DataEval for Data Scientists¶
A data scientist is focused on exploration and analysis to extract actionable insights from data. While they share the goal of building effective models with ML engineers, their role is often more exploratory and research-oriented. They are often involved in the early stages of a project:
defining the problem,
understanding the data’s potential and limitations, and
experimenting with various modeling approaches.
They are deeply involved in understanding the data, formulating hypotheses, and using statistical methods to test those hypotheses. For a data scientist, data is not just an input to a model; it is the object of study itself.
A data scientist’s workflow is centered around data preparation. DataEval provides a rich set of tools that align perfectly with the exploratory nature of this role, helping the data scientist to quickly understand, clean, and prepare data for modeling.
Key data scientist tasks and relevant DataEval functions¶
The following sections highlight some data scientist tasks along with the different DataEval tools that can be leveraged in order to accomplish the task.
Perform initial data profiling¶
Compute statistics on image properties like brightness, contrast, sharpness, and color distributions. For object detection, analyze the distributions of bounding box sizes, aspect ratios, and locations.
Use DataEval’s imagestats() to provide the necessary image statistics
on both the image and any bounding boxes.

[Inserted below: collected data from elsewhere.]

section \<open>The region E and the map Psi\<close>

lemma dG_eq_L2_set:
  assumes mn: "m \<le> n" and x: "x \<in> Rn n"
  shows "dG n m x = L2_set x {m..<n}"
proof -
  have le: "L2_set x {m..<n} \<le> edist n x y" if "y \<in> Gset n m" for y
  proof -
    have "L2_set x {m..<n} = L2_set (\<lambda>i. x i - y i) {m..<n}"
      using that by (intro L2_set_cong) (auto simp: Gset_def)
    then have "L2_set x {m..<n} ^ 2 \<le> edist n x y ^ 2"
      using edist_pow2_split[OF mn] by (simp add: sum_nonneg)
    then show ?thesis
      by (rule power2_le_imp_le) (simp add: edist_eq_L2_set)
  qed
  define p where "p = (\<lambda>i\<in>{..<n}. if i < m then x i else 0)"
  have "p \<in> Gset n m"
    by (auto simp: p_def Gset_def Rn_def)
  moreover have "edist n x p = L2_set x {m..<n}"
  proof -
    have "edist n x p ^ 2 = L2_set x {m..<n} ^ 2"
      using edist_pow2_split[OF mn, of x p] mn by (simp add: p_def L2_set_pow2)
    then show ?thesis
      by (simp add: edist_eq_L2_set power2_eq_iff_nonneg)
  qed
  ultimately show ?thesis
    unfolding dG_def distset_def by (intro cInf_eq_minimum) (auto intro: le exI[of _ p])
qed

lemma Eset_iff:
  "x \<in> Eset n m \<longleftrightarrow>
    x \<in> Rn n \<and> (\<forall>i<m. \<bar>x i\<bar> < 1) \<and> 0 < L2_set x {m..<n} \<and> L2_set x {m..<n} < 1"
proof -
  have "x \<in> Gset n m \<longleftrightarrow> x \<in> Rn n \<and> L2_set x {m..<n} = 0"
    by (auto simp: Gset_def L2_set_eq_0_iff)
  moreover have "L2_set x {m..<n} \<noteq> 0 \<longleftrightarrow> 0 < L2_set x {m..<n}"
    using L2_set_nonneg[of x "{m..<n}"] by linarith
  ultimately show ?thesis
    by (auto simp: Eset_def L2_set_def abs_less_iff)
qed

lemma Psi_eq:
  assumes mn: "m \<le> n" and x: "x \<in> Eset n m"
  shows "Psi n m b x =
    {z \<in> Eset n m. edist n x z < L2_set x {m..<n} \<and> L2_set z {m..<n} < b * L2_set x {m..<n}}"
  using dG_eq_L2_set[OF mn] x
  by (auto simp: Psi_def oball_def annul_def Eset_iff simp flip: dG_def)

lemma Psi_inv_iff:
  assumes "m \<le> n"
  shows "x \<in> Psi_inv n m b y \<longleftrightarrow>
    x \<in> Eset n m \<and> y \<in> Eset n m \<and> edist n x y < dG n m x \<and> dG n m y < b * dG n m x"
  using Psi_eq[OF assms] dG_eq_L2_set[OF assms] by (auto simp: Psi_inv_def Eset_iff)

lemma sets_Eset:
  assumes "m \<le> n" shows "Eset n m \<in> sets (lborel_on {..<n})"
proof -
  have [measurable]: "(\<lambda>x. x i) \<in> borel_measurable (lborel_on {..<n})" if "i < m" for i
    using that assms by simp
  have [measurable]: "(\<lambda>x. L2_set x {m..<n}) \<in> borel_measurable (lborel_on {..<n})"
    by (rule borel_measurable_L2_set_coords) auto
  have "Eset n m = {x \<in> space (lborel_on {..<n}). (\<forall>i\<in>{..<m}. \<bar>x i\<bar> < 1)
      \<and> 0 < L2_set x {m..<n} \<and> L2_set x {m..<n} < 1}"
    by (auto simp: Eset_iff space_PiM Rn_def)
  also have "\<dots> \<in> sets (lborel_on {..<n})" by measurable
  finally show ?thesis .
qed

lemma Eset_subset_box: "Eset n m \<subseteq> PiE {..<n} (\<lambda>_. {-1<..<1})"
proof
  fix z assume z: "z \<in> Eset n m"
  have "\<bar>z i\<bar> < 1" if "i < n" for i
  proof (cases "i < m")
    case False
    then have "\<bar>z i\<bar> \<le> L2_set z {m..<n}"
      using that by (intro abs_le_L2_set) auto
    then show ?thesis
      using z by (simp add: Eset_iff)
  qed (use z in \<open>simp add: Eset_iff\<close>)
  then show "z \<in> PiE {..<n} (\<lambda>_. {-1<..<1})"
    using z by (auto simp: Eset_iff Rn_def PiE_iff abs_less_iff)
qed

lemma Psi_fmeasurable:
  assumes mn: "m \<le> n" and x: "x \<in> Eset n m"
  shows "Psi n m b x \<in> fmeasurable (lborel_on {..<n})"
proof (rule fmeasurableI2)
  show "PiE {..<n} (\<lambda>_. {-1<..<1::real}) \<in> fmeasurable (lborel_on {..<n})"
    by (intro fmeasurableI) (simp_all add: emeasure_lborel_on_box)
  show "Psi n m b x \<subseteq> PiE {..<n} (\<lambda>_. {-1<..<1})"
    using Eset_subset_box by (auto simp: Psi_def)
  have [measurable]: "Eset n m \<in> sets (lborel_on {..<n})"
    "(\<lambda>z. L2_set (\<lambda>i. z i - x i) {..<n}) \<in> borel_measurable (lborel_on {..<n})"
    "(\<lambda>z. L2_set z {m..<n}) \<in> borel_measurable (lborel_on {..<n})"
    using mn by (auto intro: sets_Eset borel_measurable_L2_set_coords)
  have "Psi n m b x = Eset n m \<inter> {z \<in> space (lborel_on {..<n}).
      L2_set (\<lambda>i. z i - x i) {..<n} < L2_set x {m..<n} \<and> L2_set z {m..<n} < b * L2_set x {m..<n}}"
    using Psi_eq[OF mn x]
    by (auto simp: edist_eq_L2_set L2_set_diff_commute[of x] space_PiM Eset_iff Rn_def)
  also have "\<dots> \<in> sets (lborel_on {..<n})" by measurable
  finally show "Psi n m b x \<in> sets (lborel_on {..<n})" .
qed

section \<open>A lower bound for the volume of Psi(x)\<close>

lemma cball_orthant_inward_in_cube:
  assumes I: "finite I" "i \<in> I" and x: "\<And>i. i \<in> I \<Longrightarrow> \<bar>x i\<bar> < 1" and r: "0 \<le> r" "r < 1"
    and u: "u \<in> cball_on I x r \<inter> orthant_on I x (\<lambda>i. if 0 \<le> x i then -1 else 1)"
  shows "\<bar>u i\<bar> < 1"
proof -
  have "(u i - x i)\<^sup>2 \<le> (\<Sum>i\<in>I. (u i - x i)\<^sup>2)"
    using I by (intro member_le_sum) auto
  also have "\<dots> \<le> r\<^sup>2"
    using u by (simp add: cball_on_def)
  finally have "\<bar>u i - x i\<bar> < 1"
    using r power2_le_imp_le[of "\<bar>u i - x i\<bar>" r] by simp
  then show ?thesis
    using u I x[OF I(2)] by (auto simp: orthant_on_def split: if_splits)
qed

lemma L2_set_near_scaled_bounds:
  assumes J: "finite J" "J \<noteq> {}" and b: "0 < b" "b < 1"
    and near: "\<And>i. i \<in> J \<Longrightarrow> \<bar>z i - 3/4 * b * x i\<bar> < b * L2_set x J / (4 * sqrt (card J))"
  shows "b / 2 * L2_set x J < L2_set z J" "L2_set z J < b * L2_set x J"
    "L2_set (\<lambda>i. x i - z i) J < (1 - b / 2) * L2_set x J"
proof -
  define w where "w = (\<lambda>i. 3/4 * b * x i)"
  have "L2_set (\<lambda>i. z i - w i) J = L2_set (\<lambda>i. \<bar>z i - w i\<bar>) J"
    by (simp add: L2_set_def)
  also have "\<dots> < L2_set (\<lambda>_. b * L2_set x J / (4 * sqrt (card J))) J"
    using J near by (intro L2_set_strict_mono) (auto simp: w_def)
  also have "\<dots> = b / 4 * L2_set x J"
    using J b by (simp add: L2_set_constant)
  finally have zw: "L2_set (\<lambda>i. z i - w i) J < b / 4 * L2_set x J" .
  have "L2_set w J = 3/4 * b * L2_set x J"
    using b L2_set_right_distrib[of "3/4 * b" x J] by (simp add: w_def)
  moreover have "L2_set (\<lambda>i. x i - w i) J = (1 - 3/4 * b) * L2_set x J"
    using b L2_set_right_distrib[of "1 - 3/4 * b" x J] by (simp add: w_def algebra_simps)
  moreover have "L2_set z J \<le> L2_set w J + L2_set (\<lambda>i. z i - w i) J"
    using L2_set_triangle_ineq[of w "\<lambda>i. z i - w i" J] by simp
  moreover have "L2_set (\<lambda>i. x i - z i) J \<le> L2_set (\<lambda>i. x i - w i) J + L2_set (\<lambda>i. z i - w i) J"
    using L2_set_triangle_ineq[of "\<lambda>i. x i - w i" "\<lambda>i. w i - z i" J]
    by (simp add: L2_set_diff_commute[of w z])
  moreover have "L2_set w J - L2_set z J \<le> L2_set (\<lambda>i. z i - w i) J"
    using L2_set_diff_ge[of w J z] by (simp add: L2_set_diff_commute[of w z])
  ultimately show "b / 2 * L2_set x J < L2_set z J" "L2_set z J < b * L2_set x J"
    "L2_set (\<lambda>i. x i - z i) J < (1 - b / 2) * L2_set x J"
    using zw by (simp_all add: algebra_simps)
qed
theorem theorem2p15:
  fixes a b :: int and \<beta> \<gamma> :: nat
  assumes "coprime a b" and "odd a" and "odd b"
    and "\<gamma> > 0" and "exact_pow2 \<gamma> (a + b)"
  shows
    "(\<gamma> < \<beta> \<longrightarrow> G a b \<beta> = {})
   \<and> (2 \<le> \<beta> \<and> \<beta> \<le> \<gamma> \<longrightarrow>
        G a b \<gamma> = {d::nat. d > 0 \<and> (d = 1 \<or> (odd d \<and>
           (\<forall>p. prime p \<and> p dvd d \<longrightarrow>
              coprime (int p) (a * b) \<and> exact_pow2 1 (ord_ratio p a b))))})
   \<and> (2 \<le> \<beta> \<and> \<beta> < \<gamma> \<longrightarrow>
        G a b \<beta> = (\<Union>i\<in>{0..\<gamma> - \<beta>}. (\<lambda>d. d * 2 ^ i) ` G a b \<gamma>)
      \<and> G a b \<beta> = G a b (\<beta> + 1) \<union> (\<lambda>d. d * 2 ^ (\<gamma> - \<beta>)) ` G a b \<gamma>)
   \<and> (\<beta> \<in> {0, 1} \<longrightarrow>
        G a b 1 = (\<lambda>d. 2 * d) ` G a b 2 \<union>
          {d::nat. d > 0 \<and> (d = 1 \<or> (odd d \<and> (\<exists>s::nat. s \<ge> 1 \<and>
             (\<forall>p. prime p \<and> p dvd d \<longrightarrow>
                coprime (int p) (a * b) \<and> exact_pow2 s (ord_ratio p a b)))))}
      \<and> G a b 0 = G a b 1 \<union> (\<lambda>d. 2 * d) ` G a b 1)"
  using G_eq_empty[OF assms] G_top_eq[OF assms] G_eq_Union_top[OF assms]
    G_eq_Suc_Un_top[OF assms] G_one_eq[OF assms] G_zero_eq[OF assms]
  by (intro conjI impI) (meson order.trans less_imp_le)+

end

Identify data quality issues¶
Systematically scan for problems like corrupt or unreadable image files, incorrect or missing labels, inconsistent annotation formats (e.g., COCO vs. YOLO), and misaligned bounding boxes.
Use DataEval’s labelstats() to provide the necessary label distributions
and counts as well as DataEval’s Dataset class to identify any loading or annotation
errors. DataEval also includes a Outliers class and a Duplicates
class to identify anomaly and redundant images.
Discover underlying data structures and patterns¶
Use visualization techniques to review random samples of images. Apply clustering on image embeddings (e.g., from a pre-trained model) to discover natural groupings of scenes or objects that may not be captured by the labels.
Use DataEval’s cluster() to group the images.
Perform statistical tests on image properties¶
Apply formal statistical tests to validate hypotheses about differences in image characteristics between data subsets (e.g., comparing the average bounding box in ‘day’ vs. ‘night’ images).
Use DataEval’s Select class to create different subsets of the dataset
that can then be compared using the results of DataEval’s imagestats()
function.
Quantify bias and representativeness¶
Use quantitative metrics to measure image metadata like class balance, background diversity, lighting conditions, and camera angles for potential biases, and dataset coverage of the operational domain.
DataEval has a set of bias metrics – balance(), diversity(), and
parity() – to identify potential shortcuts based on the metadata. It
also contains completeness() and coverage() to determine the
representativeness of the dataset.
Determine problem feasibility¶
Analyze the dataset to determine if the cleaned dataset is an adequate dataset given the problem requirements and complexity.
DataEval’s ber() and uap() functions calculate the upper performance
bound given the specific dataset. It allows for comparison of different datasets
to determine the best dataset for the problem.
Create dataset splits¶
Analyze the dataset to create a training, validation and testing subset. Ensure that each split adequately represents the target operational environment and that there are no correlations between the splits.
Datasets can be split using DataEval’s split_dataset(), which has options that
enable the user to split the data based on metadata. DataEval’s bias functions,
balance() and diversity() can help identify when there may be spurious
correlations between the splits.
Build and evaluate models¶
Train standard models to establish a performance baseline against and then train experimental and complex models to systematically evaluate model architectures.
While DataEval does not assist in the building and training of ML models, it
does contain Sufficiency which allows the user to compare model performance
of multiple models, including current model performance and predicted performance
at different amounts of data, along with the predicted model saturation point.
Analyze and interpret model errors¶
Go beyond top-line metrics to perform detailed error analysis. Visualize the false positives and false negatives to understand why the model is failing (e.g., it confuses similar objects, fails on small objects, or struggles in low light).
By combining multiple DataEval functions – Select class, imagestats(),
labelstats(), cluster(), balance(), and diversity()
– false positives and false negatives can be further analyzed.
Monitor model performance¶
Implement monitoring to track operational metrics (latency, throughput) and to detect data drift. Analyze why a model’s performance is decaying in production by comparing the distribution of image statistics (or embeddings) between the new data and the training data, then propose a retraining or calibration strategy.
DataEval has a set of drift
and out-of-distribution (OOD) detection functions, along with
divergence() and label_parity(), to identify differences between operational
and training distributions of both images and labels.